These clusters form the units of the next layer and are connected to the units in the previous layer. We assume that each unit from an earlier layer corresponds to some region of the input image and these units are grouped into filter banks. In the lower layers (the ones close to the input) correlated units would concentrate in local regions. Thus, we would end up with a lot of clusters concentrated in a single region and they can be covered by a layer of 1×1 convolutions in the next layer, as suggested in [12]. However, one can also expect that there will be a smaller number of more spatially spread out clusters that can be covered by convolutions over larger patches, and there will be a decreasing number of patches over larger and larger regions. In order to avoid patch-alignment issues, current incarnations of the Inception architecture are restricted to filter sizes 1×1, 3×3 and 5×5; this decision was based more on convenience rather than necessity. It also means that the suggested architecture is a combination of all those layers with their output filter banks concatenated into a single output vector forming the input of the next stage. Additionally, since pooling operations have been essential for the success of current convolutional networks, it suggests that adding an alternative parallel pooling path in each such stage should have additional beneficial effect, too (see Figure 2(a)).
#這些聚類形成下一層的單元並與上一層相連。我們假設前一層中每個單元與輸入影象的某個區域相關,這些單元被分到濾波器組。低層級卷積層(接近輸入層)相互關聯的單元將會聚集在區域性區域。因此,最終我們將會形成一個很多聚類的區域性區域,同時他們可以被下一層的11個卷積所包含,如[12]所述,但是人們也會期待.
As these “Inception modules” are stacked on top of each other, their output correlation statistics are bound to vary: as features of higher abstraction are captured by higher layers, their spatial concentration is expected to decrease. This suggests that the ratio of 3×3 and 5×5 convolutions should increase as we move to higher layers.
#由於這些"Inception"模組在彼此的頂部堆疊,它們的輸出相關統計必然會有變化:由於較高層將捕捉較高層的抽象特徵,其空間聚集度預計會減少。這表明隨著轉移到較高層,3X3和5X5卷積的比例將會增加。
        (a) Inception module, naı̈ve version
One big problem with the above modules, at least in this naı̈ve form, is that even a modest number of 5×5 convolutions can be prohibitively expensive on top of a convolutional layer with a large number of filters. This problem becomes even more pronounced once pooling units are added to the mix: the number of output filters equals to the number of filters in the previous stage.
#上述模組的一個大問題在於,至少在原始形式上,即使適量的5X5卷積堆積在具有大量濾波器卷積層上面也是極為昂貴的。
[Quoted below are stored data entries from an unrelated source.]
lemma counterfactual_loss_eq_enn2real_nn_integral:
  fixes M :: "(nat \<times> real) measure" and l :: "'x \<Rightarrow> nat \<Rightarrow> real \<Rightarrow> real"
  assumes M: "prob_space M"
    and K: "K \<in> measurable M (subprob_algebra X)"
    and l: "(\<lambda>(x, t). l x (fst t) (snd t)) \<in> borel_measurable (X \<Otimes>\<^sub>M M)"
    and l_nonneg: "\<And>x t z. 0 \<le> l x t z"
    and fin: "(\<integral>\<^sup>+t. \<integral>\<^sup>+t'. \<integral>\<^sup>+x. l x (fst t) (snd t) \<partial>K t' \<partial>M \<partial>M) \<noteq> \<infinity>"
  shows "counterfactual_loss M K l = enn2real (\<integral>\<^sup>+t. \<integral>\<^sup>+t'. \<integral>\<^sup>+x. l x (fst t) (snd t) \<partial>K t' \<partial>M \<partial>M)"
proof -
  interpret M: prob_space M by fact
  note [measurable] = K l
  define N where "N t = (\<integral>\<^sup>+t'. \<integral>\<^sup>+x. l x (fst t) (snd t) \<partial>K t' \<partial>M)" for t
  have K_snd: "(\<lambda>p. K (snd p)) \<in> measurable (M \<Otimes>\<^sub>M M) (subprob_algebra X)"
    by measurable
  have "(\<lambda>p. \<integral>\<^sup>+x. l x (fst (fst p)) (snd (fst p)) \<partial>K (snd p)) \<in> borel_measurable (M \<Otimes>\<^sub>M M)"
    by (rule nn_integral_measurable_subprob_algebra2[OF _ K_snd]) measurable
  then have N: "N \<in> borel_measurable M"
    unfolding N_def by (intro M.borel_measurable_nn_integral) (simp add: case_prod_beta')
  have "(\<lambda>p. \<integral>x. l x (fst (fst p)) (snd (fst p)) \<partial>K (snd p)) \<in> borel_measurable (M \<Otimes>\<^sub>M M)"
    by (rule integral_measurable_subprob_algebra2[OF _ K_snd]) measurable
  then have g: "(\<lambda>t. \<integral>t'. \<integral>x. l x (fst t) (snd t) \<partial>K t' \<partial>M) \<in> borel_measurable M"
    by (intro M.borel_measurable_lebesgue_integral) (simp add: case_prod_beta')
  have "AE t in M. (\<integral>t'. \<integral>x. l x (fst t) (snd t) \<partial>K t' \<partial>M) = enn2real (N t)"
    using nn_integral_PInf_AE[OF N fin[folded N_def]] AE_space
  proof eventually_elim
    case (elim t)
    then show ?case
      unfolding N_def using l_nonneg
      by (intro integral_kernel_eq_enn2real_nn_integral[OF _ _ K]) measurable
  qed
  then show ?thesis
    unfolding counterfactual_loss_def N_def[symmetric]
    by (rule integral_eq_enn2real_nn_integral_AE[OF N fin[folded N_def] g])
qed

lemma counterfactual_loss_eq_integral_rep_product:
  fixes M :: "(nat \<times> real) measure" and l :: "'x \<Rightarrow> nat \<Rightarrow> real \<Rightarrow> real"
  assumes M: "prob_space M"
    and K: "K \<in> measurable M (subprob_algebra X)"
    and \<Phi>: "\<Phi> \<in> measurable X R" and \<Psi>: "\<Psi> \<in> measurable R X"
    and \<Psi>_\<Phi>: "\<And>x. x \<in> space X \<Longrightarrow> \<Psi> (\<Phi> x) = x"
    and l: "(\<lambda>(x, t). l x (fst t) (snd t)) \<in> borel_measurable (X \<Otimes>\<^sub>M M)"
    and l_nonneg: "\<And>x t z. 0 \<le> l x t z"
    and int: "integrable (rep_product R M K \<Phi>) (\<lambda>(r, t). l (\<Psi> r) (fst t) (snd t))"
  shows "counterfactual_loss M K l
    = (\<integral>v. (case v of (r, t) \<Rightarrow> l (\<Psi> r) (fst t) (snd t)) \<partial>rep_product R M K \<Phi>)"
    (is "_ = integral\<^sup>L ?P ?f")
proof -
  note [measurable] = \<Phi> \<Psi> K l
  have "(\<integral>\<^sup>+v. ?f v \<partial>?P) = (\<integral>\<^sup>+t. \<integral>\<^sup>+t'. \<integral>\<^sup>+x. ?f (\<Phi> x, t) \<partial>K t' \<partial>M \<partial>M)"
    by (rule nn_integral_rep_product[OF M K \<Phi>]) measurable
  also have "\<dots> = (\<integral>\<^sup>+t. \<integral>\<^sup>+t'. \<integral>\<^sup>+x. l x (fst t) (snd t) \<partial>K t' \<partial>M \<partial>M)"
    by (intro nn_integral_cong) (simp add: \<Psi>_\<Phi> sets_eq_imp_space_eq[OF sets_kernel[OF K]])
  finally have nn: "(\<integral>\<^sup>+v. ?f v \<partial>?P) = \<dots>" .
  have "integral\<^sup>L ?P ?f = enn2real (\<integral>\<^sup>+v. ?f v \<partial>?P)"
    using l_nonneg by (intro integral_eq_nn_integral)
      (auto simp: rep_product_def cong: measurable_cong_sets sets_pair_measure_cong)
  also have "\<dots> = counterfactual_loss M K l"
    unfolding nn using integrableD(2)[OF int] nn l_nonneg
    by (intro counterfactual_loss_eq_enn2real_nn_integral[symmetric, OF M K l]) auto
  finally show ?thesis ..
qed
一旦混合中加入池化單元,這個問題甚至變得特別突出:輸出濾波器數目等於上一階段濾波器數量。
The merging of output of the pooling layer with outputs of the convolutional layers would lead to an inevitable increase in the number of outputs from stage to stage. While this architecture might cover the optimal sparse structure, it would do it very inefficiently, leading to a computational blow up within a few stages.
#池化層輸出與卷積層輸出的融合將會不可避免地導致這一階段到下一階段輸出數量的增長。雖然這個框架可以覆蓋最優的稀疏結構,過程可能非常低效,若干階段後可能會造成計算爆炸。
This leads to the second idea of the Inception architecture: judiciously reducing dimension wherever the computational requirements would increase too much otherwise.This is based on the success of embeddings: even low dimensional embeddings might contain a lot of information about a relatively large image patch. However, embeddings represent information in a dense, compressed form and compressed information is harder to process. The representation should be kept sparse at most places (as required by the conditions of [2]) and compress the signals only whenever they have to be aggregated en masse.
#這促使Inception框架的第二個想法:明智地較少維度,否則可能會造成計算需求的極大增長。這是基於嵌入的成功:即使低維度的嵌入可能包含相對較大影象集的大量資訊。但是,嵌入以稠密和壓縮形式表達資訊,而壓縮資訊更難處理。這種表達應該在大多地方保持稀疏(如條件2所要求的)並且在需要整體聚集的時候才進行訊號的壓縮。
That is,1×1 convolutions are used to compute reductions before the expensive 3×3 and 5×5 convolutions. Besides being used as reductions, they also include the use of rectified linear activation making them dual-purpose. The final result is depicted in Figure 2(b).
#就是在3X3和5X5卷積層之前使用1X1卷積來減少計算量。除了用作減少運算量,他們也包含rectified linear啟用,使他具有雙重作用。最終的結果呈現在表2(b)。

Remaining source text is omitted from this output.